- _WORK TO COMPLETE_: Would you please transcribe the records below from the line with "by (intro integral_Markov_inequality_measure[OF A(1), of" through their final line, exactly and with no other lines?

- _MATERIAL PROVIDED_:
lemma (in prob_space) indep_vars_prod_abs:
  fixes X :: "'i \<Rightarrow> 'a \<Rightarrow> real"
  assumes indep: "indep_vars (\<lambda>_. borel) X I" and "finite I"
    and int: "\<And>i. i \<in> I \<Longrightarrow> integrable M (\<lambda>\<omega>. \<bar>X i \<omega>\<bar>)"
    and mean: "\<And>i. i \<in> I \<Longrightarrow> (\<integral>\<omega>. \<bar>X i \<omega>\<bar> \<partial>M) = \<mu>"
  shows "integrable M (\<lambda>\<omega>. \<Prod>i\<in>I. \<bar>X i \<omega>\<bar>)" and "(\<integral>\<omega>. (\<Prod>i\<in>I. \<bar>X i \<omega>\<bar>) \<partial>M) = \<mu> ^ card I"
proof -
  have abs_indep: "indep_vars (\<lambda>_. borel) (\<lambda>i \<omega>. \<bar>X i \<omega>\<bar>) I"
    by (rule indep_vars_compose2[OF indep]) measurable
  show "integrable M (\<lambda>\<omega>. \<Prod>i\<in>I. \<bar>X i \<omega>\<bar>)"
    using indep_vars_integrable[OF \<open>finite I\<close> abs_indep] int by simp
  show "(\<integral>\<omega>. (\<Prod>i\<in>I. \<bar>X i \<omega>\<bar>) \<partial>M) = \<mu> ^ card I"
    using indep_vars_lebesgue_integral[OF \<open>finite I\<close> abs_indep] int mean by simp
qed

lemma (in prob_space) AE_eventually_less_power:
  fixes f :: "nat \<Rightarrow> 'a \<Rightarrow> real"
  assumes int: "\<And>m. integrable M (f m)" and nonneg: "\<And>m \<omega>. 0 \<le> f m \<omega>"
    and mean: "\<And>m. (\<integral>\<omega>. f m \<omega> \<partial>M) \<le> c ^ m" and c: "0 \<le> c" "c < r"
  shows "AE \<omega> in M. eventually (\<lambda>m. f m \<omega> < r ^ m) sequentially"
proof -
  define A where "A m = {\<omega> \<in> space M. r ^ m \<le> f m \<omega>}" for m
  have [measurable]: "f m \<in> borel_measurable M" for m
    using int by (rule borel_measurable_integrable)
  have A_sets: "A m \<in> sets M" for m
    unfolding A_def by measurable
  have bound: "prob (A m) \<le> (c / r) ^ m" for m
  proof -
    have "prob (A m) \<le> (\<integral>\<omega>. f m \<omega> \<partial>M) / r ^ m"
      unfolding A_def using c
      by (intro integral_Markov_inequality_measure[OF int A_sets]) (simp_all add: nonneg)
    also have "\<dots> \<le> c ^ m / r ^ m"
      using mean[of m] c by (intro divide_right_mono) simp_all
    finally show ?thesis
      by (simp add: power_divide)
  qed
  have "summable (\<lambda>m. (c / r) ^ m)"
    using c by (intro summable_geometric) simp
  then have "summable (\<lambda>m. prob (A m))"
    by (rule summable_comparison_test'[where N = 0]) (simp add: bound)
  then have "AE \<omega> in M. eventually (\<lambda>m. \<omega> \<in> space M - A m) sequentially"
    using A_sets by (intro borel_cantelli_AE1) (simp_all add: emeasure_eq_measure)
  then show ?thesis
    by (rule eventually_mono) (auto elim!: eventually_mono simp: A_def not_le)
qed

lemma suminf_indicator_mult_le:
  assumes "0 < a" "0 \<le> L"
  shows "(\<Sum>m. indicator {m. real m * a \<le> L} m :: ennreal) \<le> ennreal (L / a + 1)"
proof -
  define N where "N = nat \<lfloor>L / a\<rfloor>"
  have N: "real N \<le> L / a" "L / a < real N + 1"
    using assms by (auto simp: N_def)
  have "{m. real m * a \<le> L} = {..N}"
    using N assms by (auto simp: pos_le_divide_eq[symmetric] le_nat_iff le_floor_iff N_def)
  then have "(\<Sum>m. indicator {m. real m * a \<le> L} m :: ennreal) = (\<Sum>m\<in>{..N}. indicator {..N} m)"
    by (simp only:) (rule suminf_finite; simp)
  also have "\<dots> = of_nat (Suc N)"
    by simp
  also have "\<dots> \<le> ennreal (L / a + 1)"
    using N by (simp add: ennreal_of_nat_eq_real_of_nat ennreal_leI)
  finally show ?thesis .
qed

lemma (in prob_space) summable_prob_ge_mult:
  assumes L [measurable]: "L \<in> borel_measurable M" and nonneg: "\<And>\<omega>. 0 \<le> L \<omega>"
    and finite: "(\<integral>\<^sup>+\<omega>. ennreal (L \<omega>) \<partial>M) < \<infinity>" and "0 < a"
  shows "summable (\<lambda>m. prob {\<omega> \<in> space M. real m * a \<le> L \<omega>})"
proof (rule summable_suminf_not_top)
  let ?C = "\<lambda>m. {\<omega> \<in> space M. real m * a \<le> L \<omega>}"
  have "(\<Sum>m. ennreal (prob (?C m))) = (\<Sum>m. \<integral>\<^sup>+\<omega>. indicator (?C m) \<omega> \<partial>M)"
    by (simp add: emeasure_eq_measure[symmetric])
  also have "\<dots> = (\<integral>\<^sup>+\<omega>. (\<Sum>m. indicator (?C m) \<omega>) \<partial>M)"
    by (rule nn_integral_suminf[symmetric]) simp
  also have "\<dots> \<le> (\<integral>\<^sup>+\<omega>. ennreal (L \<omega>) * ennreal (1 / a) + 1 \<partial>M)"
  proof (rule nn_integral_mono)
    fix \<omega> assume "\<omega> \<in> space M"
    then have "(\<Sum>m. indicator (?C m) \<omega>) = (\<Sum>m. indicator {m. real m * a \<le> L \<omega>} m :: ennreal)"
      by (simp add: indicator_def)
    also have "\<dots> \<le> ennreal (L \<omega> / a + 1)"
      using \<open>0 < a\<close> nonneg by (rule suminf_indicator_mult_le)
    also have "\<dots> = ennreal (L \<omega>) * ennreal (1 / a) + 1"
      using \<open>0 < a\<close> nonneg[of \<omega>] by (simp add: ennreal_plus[symmetric] ennreal_mult[symmetric])
    finally show "(\<Sum>m. indicator (?C m) \<omega>) \<le> ennreal (L \<omega>) * ennreal (1 / a) + 1" .
  qed
  also have "\<dots> = (\<integral>\<^sup>+\<omega>. ennreal (L \<omega>) \<partial>M) * ennreal (1 / a) + 1"
    by (simp add: nn_integral_add nn_integral_multc emeasure_space_1)
  also have "\<dots> < \<top>"
    using finite by (simp add: ennreal_mult_less_top)
  finally show "(\<Sum>m. ennreal (prob (?C m))) \<noteq> \<top>"
    by simp
qed simp

lemma mult_ln_le_log_plus:
  assumes "0 < r" "r ^ m \<le> x"
  shows "real m * ln r \<le> log_plus x"
proof -
  have "0 < r ^ m"
    using \<open>0 < r\<close> by simp
  with assms(2) have "0 < x"
    by linarith
  have "real m * ln r = ln (r ^ m)"
    using \<open>0 < r\<close> by (simp add: ln_realpow)
  also have "\<dots> \<le> ln x"
    using \<open>0 < r ^ m\<close> \<open>0 < x\<close> assms(2) by simp
  finally show ?thesis
    using \<open>0 < x\<close> by (simp add: log_plus_def)
qed

lemma (in prob_space) stationary_process_AE_eventually_less_power:
  assumes W: "stationary_process M W" "\<And>i. W i \<in> borel_measurable M"
    and log_moment: "(\<integral>\<^sup>+\<omega>. ennreal (log_plus \<bar>W 0 \<omega>\<bar>) \<partial>M) < \<infinity>" and "1 < r"
  shows "AE \<omega> in M. eventually (\<lambda>m. \<bar>W (n - int m) \<omega>\<bar> < r ^ m) sequentially"
proof -
  note [measurable] = W(2)
  define L where "L \<omega> = log_plus \<bar>W 0 \<omega>\<bar>" for \<omega>
  have L_meas [measurable]: "L \<in> borel_measurable M"
    unfolding L_def log_plus_def by measurable
  define B where "B m = {\<omega> \<in> space M. r ^ m \<le> \<bar>W (n - int m) \<omega>\<bar>}" for m
  have B_sets: "B m \<in> sets M" for m
    unfolding B_def by measurable
  have bound: "prob (B m) \<le> prob {\<omega> \<in> space M. real m * ln r \<le> L \<omega>}" for m
  proof -
    have "prob (B m) = prob {\<omega> \<in> space M. W 0 \<omega> \<in> {x. r ^ m \<le> \<bar>x\<bar>}}"
      unfolding B_def using stationary_process_prob_marginal[OF W, of "{x. r ^ m \<le> \<bar>x\<bar>}"] by simp
    also have "\<dots> \<le> prob {\<omega> \<in> space M. real m * ln r \<le> L \<omega>}"
      by (rule finite_measure_mono)
        (use mult_ln_le_log_plus[of r m] \<open>1 < r\<close> in \<open>fastforce simp: L_def\<close>, measurable)
    finally show ?thesis .
  qed
  have "summable (\<lambda>m. prob {\<omega> \<in> space M. real m * ln r \<le> L \<omega>})"
    using log_moment \<open>1 < r\<close> by (intro summable_prob_ge_mult) (simp_all add: L_def log_plus_def)
  then have "summable (\<lambda>m. prob (B m))"
    by (rule summable_comparison_test'[where N = 0]) (simp add: bound)
  then have "AE \<omega> in M. eventually (\<lambda>m. \<omega> \<in> space M - B m) sequentially"
    using B_sets by (intro borel_cantelli_AE1) (simp_all add: emeasure_eq_measure)
  then show ?thesis
    by (rule eventually_mono) (auto elim!: eventually_mono simp: B_def not_le)
qed

section \<open>Uniqueness of stationary solutions\<close>

lemma (in prob_space) tendsto_prob_tail:
  fixes V :: "'a \<Rightarrow> real"
  assumes [measurable]: "V \<in> borel_measurable M"
  shows "(\<lambda>N. prob {\<omega> \<in> space M. real N < V \<omega>}) \<longlonglongrightarrow> 0"
proof -
  have "(\<lambda>N. prob {\<omega> \<in> space M. real N < V \<omega>}) \<longlonglongrightarrow> prob (\<Inter>N. {\<omega> \<in> space M. real N < V \<omega>})"
    by (rule Lim_measure_decseq) (auto simp: decseq_def)
  also have "(\<Inter>N. {\<omega> \<in> space M. real N < V \<omega>}) = {}"
  proof -
    have "\<omega> \<notin> (\<Inter>N. {\<omega> \<in> space M. real N < V \<omega>})" for \<omega>
    proof -
      obtain N :: nat where "V \<omega> \<le> real N"
        using real_arch_simple by blast
      then have "\<not> real N < V \<omega>"
        by simp
      then show ?thesis
        by blast
    qed
    then show ?thesis
      by blast
  qed
  finally show ?thesis
    by simp
qed

lemma (in prob_space) AE_nonpos_if_prob_greater_0:
  fixes Z :: "'a \<Rightarrow> real"
  assumes [measurable]: "Z \<in> borel_measurable M"
    and null: "\<And>\<delta>. 0 < \<delta> \<Longrightarrow> prob {\<omega> \<in> space M. \<delta> < Z \<omega>} = 0"
  shows "AE \<omega> in M. Z \<omega> \<le> 0"
proof -
  have "AE \<omega> in M. \<forall>j::nat. Z \<omega> \<le> 1 / Suc j"
  proof (subst AE_all_countable, intro allI)
    fix j :: nat
    have "{\<omega> \<in> space M. 1 / Suc j < Z \<omega>} \<in> null_sets M"
      using null[of "1 / Suc j"] by (simp add: null_sets_def emeasure_eq_measure)
    then show "AE \<omega> in M. Z \<omega> \<le> 1 / Suc j"
      by (rule AE_I') auto
  qed
  then show ?thesis
  proof (rule eventually_mono)
    fix \<omega> assume le: "\<forall>j::nat. Z \<omega> \<le> 1 / Suc j"
    show "Z \<omega> \<le> 0"
    proof (rule ccontr)
      assume "\<not> Z \<omega> \<le> 0"
      then have "0 < Z \<omega>"
        by simp
      then obtain j where "inverse (Suc j) < Z \<omega>"
        using reals_Archimedean by blast
      with le show False
        by (auto simp: inverse_eq_divide dest: spec[of _ j])
    qed
  qed
qed

lemma (in prob_space) prob_greater_le_product_bound:
  fixes Z A B :: "'a \<Rightarrow> real"
  assumes [measurable]: "Z \<in> borel_measurable M" "B \<in> borel_measurable M"
    and dominated: "AE \<omega> in M. Z \<omega> \<le> A \<omega> * B \<omega>"
    and A: "integrable M A" "\<And>\<omega>. 0 \<le> A \<omega>" and "0 < \<delta>" "0 < N"
  shows "prob {\<omega> \<in> space M. \<delta> < Z \<omega>}
    \<le> (\<integral>\<omega>. A \<omega> \<partial>M) * (N / \<delta>) + prob {\<omega> \<in> space M. N < B \<omega>}"
proof -
  have [measurable]: "A \<in> borel_measurable M"
    using A(1) by (rule borel_measurable_integrable)
  define D where "D = {\<omega> \<in> space M. \<delta> / N \<le> A \<omega>}"
  define E where "E = {\<omega> \<in> space M. N < B \<omega>}"
  have [measurable]: "D \<in> sets M" "E \<in> sets M"
    unfolding D_def E_def by measurable
  have "AE \<omega> in M. \<omega> \<in> {\<omega> \<in> space M. \<delta> < Z \<omega>} \<longrightarrow> \<omega> \<in> D \<union> E"
    using dominated
  proof eventually_elim
    case (elim \<omega>)
    have "\<delta> / N < A \<omega>" if "\<delta> < Z \<omega>" "B \<omega> \<le> N"
    proof -
      have "\<delta> < A \<omega> * N"
        using elim that mult_left_mono[OF \<open>B \<omega> \<le> N\<close> A(2)[of \<omega>]] by linarith
      then show ?thesis
        using \<open>0 < N\<close> by (simp add: divide_less_eq)
    qed
    then show ?case
      by (auto simp: D_def E_def not_less)
  qed
  then have "prob {\<omega> \<in> space M. \<delta> < Z \<omega>} \<le> prob (D \<union> E)"
    by (rule finite_measure_mono_AE) simp
  also have "\<dots> \<le> prob D + prob E"
    by (rule measure_Un_le) simp_all
  also have "prob D \<le> (\<integral>\<omega>. A \<omega> \<partial>M) / (\<delta> / N)"
    unfolding D_def using A \<open>0 < \<delta>\<close> \<open>0 < N\<close>
    by (intro integral_Markov_inequality_measure[OF A(1), of "space M"]) simp_all
  finally show ?thesis
    by (simp add: E_def)
qed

- _RESULT FOR THIS TASK_:
    by (intro integral_Markov_inequality_measure[OF A(1), of "space M"]) simp_all
  finally show ?thesis
    by (simp add: E_def)
qed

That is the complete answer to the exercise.